--- START ---
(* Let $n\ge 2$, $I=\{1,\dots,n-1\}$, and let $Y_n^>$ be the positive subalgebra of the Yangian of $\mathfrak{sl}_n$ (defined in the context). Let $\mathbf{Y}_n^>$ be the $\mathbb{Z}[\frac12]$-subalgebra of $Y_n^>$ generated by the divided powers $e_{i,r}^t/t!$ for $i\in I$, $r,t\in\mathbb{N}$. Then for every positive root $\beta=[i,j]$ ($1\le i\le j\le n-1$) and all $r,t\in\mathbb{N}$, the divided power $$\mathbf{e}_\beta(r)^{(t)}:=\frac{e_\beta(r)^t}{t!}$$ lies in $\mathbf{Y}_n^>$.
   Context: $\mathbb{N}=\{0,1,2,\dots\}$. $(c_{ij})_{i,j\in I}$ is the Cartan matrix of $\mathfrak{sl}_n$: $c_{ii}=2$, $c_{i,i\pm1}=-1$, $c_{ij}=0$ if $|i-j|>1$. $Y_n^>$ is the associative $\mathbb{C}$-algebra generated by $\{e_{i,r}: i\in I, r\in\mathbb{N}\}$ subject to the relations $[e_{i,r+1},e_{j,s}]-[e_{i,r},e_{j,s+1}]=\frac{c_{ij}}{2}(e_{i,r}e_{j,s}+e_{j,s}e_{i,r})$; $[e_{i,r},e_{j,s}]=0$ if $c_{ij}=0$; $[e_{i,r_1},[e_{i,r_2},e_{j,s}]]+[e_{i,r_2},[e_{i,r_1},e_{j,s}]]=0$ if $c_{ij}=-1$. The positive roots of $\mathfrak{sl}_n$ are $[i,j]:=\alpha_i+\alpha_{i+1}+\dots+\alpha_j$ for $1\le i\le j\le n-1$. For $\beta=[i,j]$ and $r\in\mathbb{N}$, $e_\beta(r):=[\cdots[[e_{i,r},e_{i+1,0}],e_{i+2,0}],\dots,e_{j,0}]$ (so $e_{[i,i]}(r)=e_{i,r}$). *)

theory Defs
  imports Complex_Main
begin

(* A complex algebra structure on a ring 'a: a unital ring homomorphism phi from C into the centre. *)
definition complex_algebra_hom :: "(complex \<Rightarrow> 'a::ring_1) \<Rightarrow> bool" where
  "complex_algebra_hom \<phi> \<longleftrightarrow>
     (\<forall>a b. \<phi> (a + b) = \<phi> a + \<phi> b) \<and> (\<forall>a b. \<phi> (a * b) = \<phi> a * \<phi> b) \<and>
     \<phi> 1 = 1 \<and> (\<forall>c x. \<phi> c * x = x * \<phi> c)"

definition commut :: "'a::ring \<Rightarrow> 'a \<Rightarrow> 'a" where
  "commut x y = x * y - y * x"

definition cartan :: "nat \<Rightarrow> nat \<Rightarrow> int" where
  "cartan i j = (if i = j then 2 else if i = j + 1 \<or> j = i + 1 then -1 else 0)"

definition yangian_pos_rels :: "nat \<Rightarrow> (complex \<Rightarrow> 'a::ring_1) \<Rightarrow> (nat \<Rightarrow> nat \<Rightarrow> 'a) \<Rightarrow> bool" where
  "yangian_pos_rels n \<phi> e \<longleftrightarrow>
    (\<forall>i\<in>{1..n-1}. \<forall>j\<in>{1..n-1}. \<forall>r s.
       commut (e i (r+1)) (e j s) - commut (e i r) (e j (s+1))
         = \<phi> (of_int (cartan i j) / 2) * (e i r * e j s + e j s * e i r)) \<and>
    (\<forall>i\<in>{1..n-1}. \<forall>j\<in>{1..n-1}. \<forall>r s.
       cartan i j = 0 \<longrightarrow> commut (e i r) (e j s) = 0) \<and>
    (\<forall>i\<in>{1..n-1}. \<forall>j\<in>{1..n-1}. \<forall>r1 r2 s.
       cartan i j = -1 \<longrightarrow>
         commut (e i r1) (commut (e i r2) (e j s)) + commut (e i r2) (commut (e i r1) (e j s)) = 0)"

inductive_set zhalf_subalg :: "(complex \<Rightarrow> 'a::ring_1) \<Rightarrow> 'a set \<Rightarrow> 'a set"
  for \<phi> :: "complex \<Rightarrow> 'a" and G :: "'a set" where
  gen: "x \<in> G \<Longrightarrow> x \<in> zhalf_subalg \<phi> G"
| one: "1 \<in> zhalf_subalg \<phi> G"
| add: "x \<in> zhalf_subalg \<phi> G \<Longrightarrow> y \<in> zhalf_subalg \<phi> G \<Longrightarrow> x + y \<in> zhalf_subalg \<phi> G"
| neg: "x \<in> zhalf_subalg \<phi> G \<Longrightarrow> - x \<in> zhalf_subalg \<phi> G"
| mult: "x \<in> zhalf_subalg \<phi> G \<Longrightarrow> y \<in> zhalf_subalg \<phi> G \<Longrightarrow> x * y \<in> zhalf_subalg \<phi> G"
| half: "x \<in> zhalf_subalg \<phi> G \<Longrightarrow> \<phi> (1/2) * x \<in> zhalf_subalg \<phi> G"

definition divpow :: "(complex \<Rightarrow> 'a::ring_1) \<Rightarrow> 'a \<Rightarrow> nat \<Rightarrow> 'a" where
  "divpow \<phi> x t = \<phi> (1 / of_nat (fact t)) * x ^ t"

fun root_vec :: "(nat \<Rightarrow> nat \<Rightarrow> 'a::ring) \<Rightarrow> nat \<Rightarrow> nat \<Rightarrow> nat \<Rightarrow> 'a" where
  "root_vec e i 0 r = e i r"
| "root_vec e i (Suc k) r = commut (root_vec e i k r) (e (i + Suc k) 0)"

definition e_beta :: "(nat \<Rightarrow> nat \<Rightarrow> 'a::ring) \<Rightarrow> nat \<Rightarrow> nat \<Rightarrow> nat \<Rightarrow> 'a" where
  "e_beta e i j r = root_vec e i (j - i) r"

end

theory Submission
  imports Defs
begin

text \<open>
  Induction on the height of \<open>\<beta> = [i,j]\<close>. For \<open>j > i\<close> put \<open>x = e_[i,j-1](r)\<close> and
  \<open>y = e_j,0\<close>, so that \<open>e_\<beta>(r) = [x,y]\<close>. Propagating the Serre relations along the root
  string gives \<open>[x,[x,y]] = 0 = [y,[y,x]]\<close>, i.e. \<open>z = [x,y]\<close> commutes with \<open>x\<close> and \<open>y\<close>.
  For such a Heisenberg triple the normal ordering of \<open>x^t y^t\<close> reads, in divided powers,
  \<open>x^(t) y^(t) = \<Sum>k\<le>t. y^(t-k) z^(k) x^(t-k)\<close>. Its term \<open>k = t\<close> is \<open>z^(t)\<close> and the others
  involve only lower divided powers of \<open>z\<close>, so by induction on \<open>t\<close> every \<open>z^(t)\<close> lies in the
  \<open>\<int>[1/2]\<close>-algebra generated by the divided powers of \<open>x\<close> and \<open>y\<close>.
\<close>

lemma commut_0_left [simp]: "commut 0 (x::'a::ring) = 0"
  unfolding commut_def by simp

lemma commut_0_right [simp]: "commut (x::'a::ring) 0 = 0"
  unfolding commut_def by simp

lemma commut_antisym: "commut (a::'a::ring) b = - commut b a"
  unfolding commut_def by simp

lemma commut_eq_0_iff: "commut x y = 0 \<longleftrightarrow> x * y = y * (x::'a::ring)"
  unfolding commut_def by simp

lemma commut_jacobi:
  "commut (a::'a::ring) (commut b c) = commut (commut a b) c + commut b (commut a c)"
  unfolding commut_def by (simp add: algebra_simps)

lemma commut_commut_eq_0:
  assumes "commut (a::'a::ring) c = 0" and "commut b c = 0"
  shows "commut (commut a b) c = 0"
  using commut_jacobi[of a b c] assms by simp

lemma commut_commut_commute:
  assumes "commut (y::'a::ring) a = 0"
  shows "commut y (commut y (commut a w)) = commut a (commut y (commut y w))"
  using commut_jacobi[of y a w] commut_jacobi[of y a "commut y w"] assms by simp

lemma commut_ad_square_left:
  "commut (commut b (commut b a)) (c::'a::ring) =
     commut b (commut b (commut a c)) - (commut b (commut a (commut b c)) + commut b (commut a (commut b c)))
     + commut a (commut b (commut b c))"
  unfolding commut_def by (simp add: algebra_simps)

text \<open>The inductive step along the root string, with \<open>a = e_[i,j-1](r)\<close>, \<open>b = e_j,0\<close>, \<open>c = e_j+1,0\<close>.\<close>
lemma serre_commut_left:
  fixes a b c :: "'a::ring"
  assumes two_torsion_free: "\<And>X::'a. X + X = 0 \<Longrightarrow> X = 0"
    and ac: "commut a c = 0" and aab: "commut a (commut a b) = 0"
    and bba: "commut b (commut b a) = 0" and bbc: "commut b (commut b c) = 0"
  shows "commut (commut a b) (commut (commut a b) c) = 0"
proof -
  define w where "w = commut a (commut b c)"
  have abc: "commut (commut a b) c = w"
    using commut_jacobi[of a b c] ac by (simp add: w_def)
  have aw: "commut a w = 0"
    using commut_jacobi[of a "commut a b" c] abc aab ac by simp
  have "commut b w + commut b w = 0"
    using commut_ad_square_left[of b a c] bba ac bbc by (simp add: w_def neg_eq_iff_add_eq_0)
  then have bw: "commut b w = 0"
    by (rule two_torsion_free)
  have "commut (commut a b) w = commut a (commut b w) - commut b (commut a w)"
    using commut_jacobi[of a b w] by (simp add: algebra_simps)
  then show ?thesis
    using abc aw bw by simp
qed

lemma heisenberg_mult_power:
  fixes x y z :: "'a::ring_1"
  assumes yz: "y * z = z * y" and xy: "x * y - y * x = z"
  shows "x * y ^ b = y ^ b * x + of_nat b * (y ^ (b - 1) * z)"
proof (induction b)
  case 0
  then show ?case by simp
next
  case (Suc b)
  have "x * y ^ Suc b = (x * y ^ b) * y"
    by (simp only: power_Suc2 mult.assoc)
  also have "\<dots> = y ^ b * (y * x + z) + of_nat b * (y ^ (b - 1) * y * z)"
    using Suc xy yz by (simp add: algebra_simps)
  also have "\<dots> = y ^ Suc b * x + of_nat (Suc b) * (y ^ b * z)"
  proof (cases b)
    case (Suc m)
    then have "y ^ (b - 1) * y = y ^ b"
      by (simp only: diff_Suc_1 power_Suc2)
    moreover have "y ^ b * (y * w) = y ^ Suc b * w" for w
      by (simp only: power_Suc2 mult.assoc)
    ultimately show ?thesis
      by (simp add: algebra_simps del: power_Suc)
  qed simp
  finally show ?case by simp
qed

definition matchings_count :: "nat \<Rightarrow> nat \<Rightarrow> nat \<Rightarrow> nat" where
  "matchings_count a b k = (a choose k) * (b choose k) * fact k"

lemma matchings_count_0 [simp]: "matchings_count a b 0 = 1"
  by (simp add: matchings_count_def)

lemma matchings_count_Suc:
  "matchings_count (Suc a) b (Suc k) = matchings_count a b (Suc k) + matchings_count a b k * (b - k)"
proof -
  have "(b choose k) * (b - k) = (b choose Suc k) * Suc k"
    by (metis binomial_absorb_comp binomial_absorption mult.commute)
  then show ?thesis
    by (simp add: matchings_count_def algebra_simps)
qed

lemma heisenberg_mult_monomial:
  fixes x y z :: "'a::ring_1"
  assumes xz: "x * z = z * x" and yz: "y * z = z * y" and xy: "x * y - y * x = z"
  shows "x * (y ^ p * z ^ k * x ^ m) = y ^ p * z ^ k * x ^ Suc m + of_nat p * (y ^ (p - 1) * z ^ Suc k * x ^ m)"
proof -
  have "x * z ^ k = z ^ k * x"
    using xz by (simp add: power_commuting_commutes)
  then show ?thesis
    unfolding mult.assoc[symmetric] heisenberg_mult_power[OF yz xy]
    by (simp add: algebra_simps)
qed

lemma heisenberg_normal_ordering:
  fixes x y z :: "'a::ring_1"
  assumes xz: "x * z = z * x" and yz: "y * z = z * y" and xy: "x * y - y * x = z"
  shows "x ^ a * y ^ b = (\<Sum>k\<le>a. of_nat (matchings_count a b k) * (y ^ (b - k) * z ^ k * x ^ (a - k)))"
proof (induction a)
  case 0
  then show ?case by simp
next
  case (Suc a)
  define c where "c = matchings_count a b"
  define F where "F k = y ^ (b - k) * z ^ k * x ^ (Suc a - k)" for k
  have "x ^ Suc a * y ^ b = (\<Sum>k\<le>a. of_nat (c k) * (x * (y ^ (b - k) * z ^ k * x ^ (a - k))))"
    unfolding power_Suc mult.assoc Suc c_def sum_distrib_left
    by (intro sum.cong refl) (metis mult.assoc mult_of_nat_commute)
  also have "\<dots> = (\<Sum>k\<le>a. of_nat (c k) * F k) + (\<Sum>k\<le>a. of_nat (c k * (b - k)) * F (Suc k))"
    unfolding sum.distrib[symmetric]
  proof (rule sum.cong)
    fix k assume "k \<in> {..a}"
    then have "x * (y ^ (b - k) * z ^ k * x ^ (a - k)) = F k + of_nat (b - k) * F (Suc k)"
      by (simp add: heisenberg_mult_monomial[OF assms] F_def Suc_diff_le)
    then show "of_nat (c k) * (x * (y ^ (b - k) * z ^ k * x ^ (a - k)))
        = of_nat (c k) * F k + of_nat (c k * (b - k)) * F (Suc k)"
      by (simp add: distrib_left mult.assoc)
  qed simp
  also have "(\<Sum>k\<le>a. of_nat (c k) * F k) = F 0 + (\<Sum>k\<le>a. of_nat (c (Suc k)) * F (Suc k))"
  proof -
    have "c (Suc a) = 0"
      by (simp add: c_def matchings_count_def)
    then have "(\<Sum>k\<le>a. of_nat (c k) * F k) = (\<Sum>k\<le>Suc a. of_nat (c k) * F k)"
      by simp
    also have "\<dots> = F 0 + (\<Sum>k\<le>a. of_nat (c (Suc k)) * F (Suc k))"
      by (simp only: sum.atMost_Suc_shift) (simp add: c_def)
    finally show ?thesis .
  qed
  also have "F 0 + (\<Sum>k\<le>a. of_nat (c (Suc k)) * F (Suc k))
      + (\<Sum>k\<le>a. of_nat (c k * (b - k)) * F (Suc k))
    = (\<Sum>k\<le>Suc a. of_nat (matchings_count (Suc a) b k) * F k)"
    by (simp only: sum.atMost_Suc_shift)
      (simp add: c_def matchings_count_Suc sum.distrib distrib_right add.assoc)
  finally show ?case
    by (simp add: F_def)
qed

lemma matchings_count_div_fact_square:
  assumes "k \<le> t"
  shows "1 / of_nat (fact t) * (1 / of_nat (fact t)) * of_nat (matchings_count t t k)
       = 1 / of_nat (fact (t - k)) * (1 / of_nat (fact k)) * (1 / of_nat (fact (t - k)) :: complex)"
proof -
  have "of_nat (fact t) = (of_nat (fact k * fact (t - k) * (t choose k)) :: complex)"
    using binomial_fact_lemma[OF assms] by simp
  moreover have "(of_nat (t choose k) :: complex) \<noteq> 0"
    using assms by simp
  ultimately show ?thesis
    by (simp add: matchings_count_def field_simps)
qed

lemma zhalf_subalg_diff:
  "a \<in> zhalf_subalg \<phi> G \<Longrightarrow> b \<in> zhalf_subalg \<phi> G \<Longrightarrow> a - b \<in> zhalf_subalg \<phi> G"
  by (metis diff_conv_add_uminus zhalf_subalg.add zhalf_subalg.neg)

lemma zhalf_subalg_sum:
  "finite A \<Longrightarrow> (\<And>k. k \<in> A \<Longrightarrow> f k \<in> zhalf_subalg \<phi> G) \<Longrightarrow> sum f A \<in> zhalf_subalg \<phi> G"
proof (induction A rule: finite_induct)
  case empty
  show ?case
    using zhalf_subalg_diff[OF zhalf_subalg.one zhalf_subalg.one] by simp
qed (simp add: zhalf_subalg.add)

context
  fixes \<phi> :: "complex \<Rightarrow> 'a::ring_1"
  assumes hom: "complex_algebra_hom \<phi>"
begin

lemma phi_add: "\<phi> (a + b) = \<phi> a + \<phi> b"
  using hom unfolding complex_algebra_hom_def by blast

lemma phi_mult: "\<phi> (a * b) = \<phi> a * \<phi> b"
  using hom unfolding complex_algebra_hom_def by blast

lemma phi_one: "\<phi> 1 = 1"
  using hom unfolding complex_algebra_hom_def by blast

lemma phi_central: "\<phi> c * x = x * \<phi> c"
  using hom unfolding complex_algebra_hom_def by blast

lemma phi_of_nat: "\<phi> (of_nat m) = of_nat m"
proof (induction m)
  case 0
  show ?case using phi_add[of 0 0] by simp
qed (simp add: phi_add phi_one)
--- END ---
**What is required:** A single number is required: how many lines in the material above include the string "proof".

**Finished task:** 11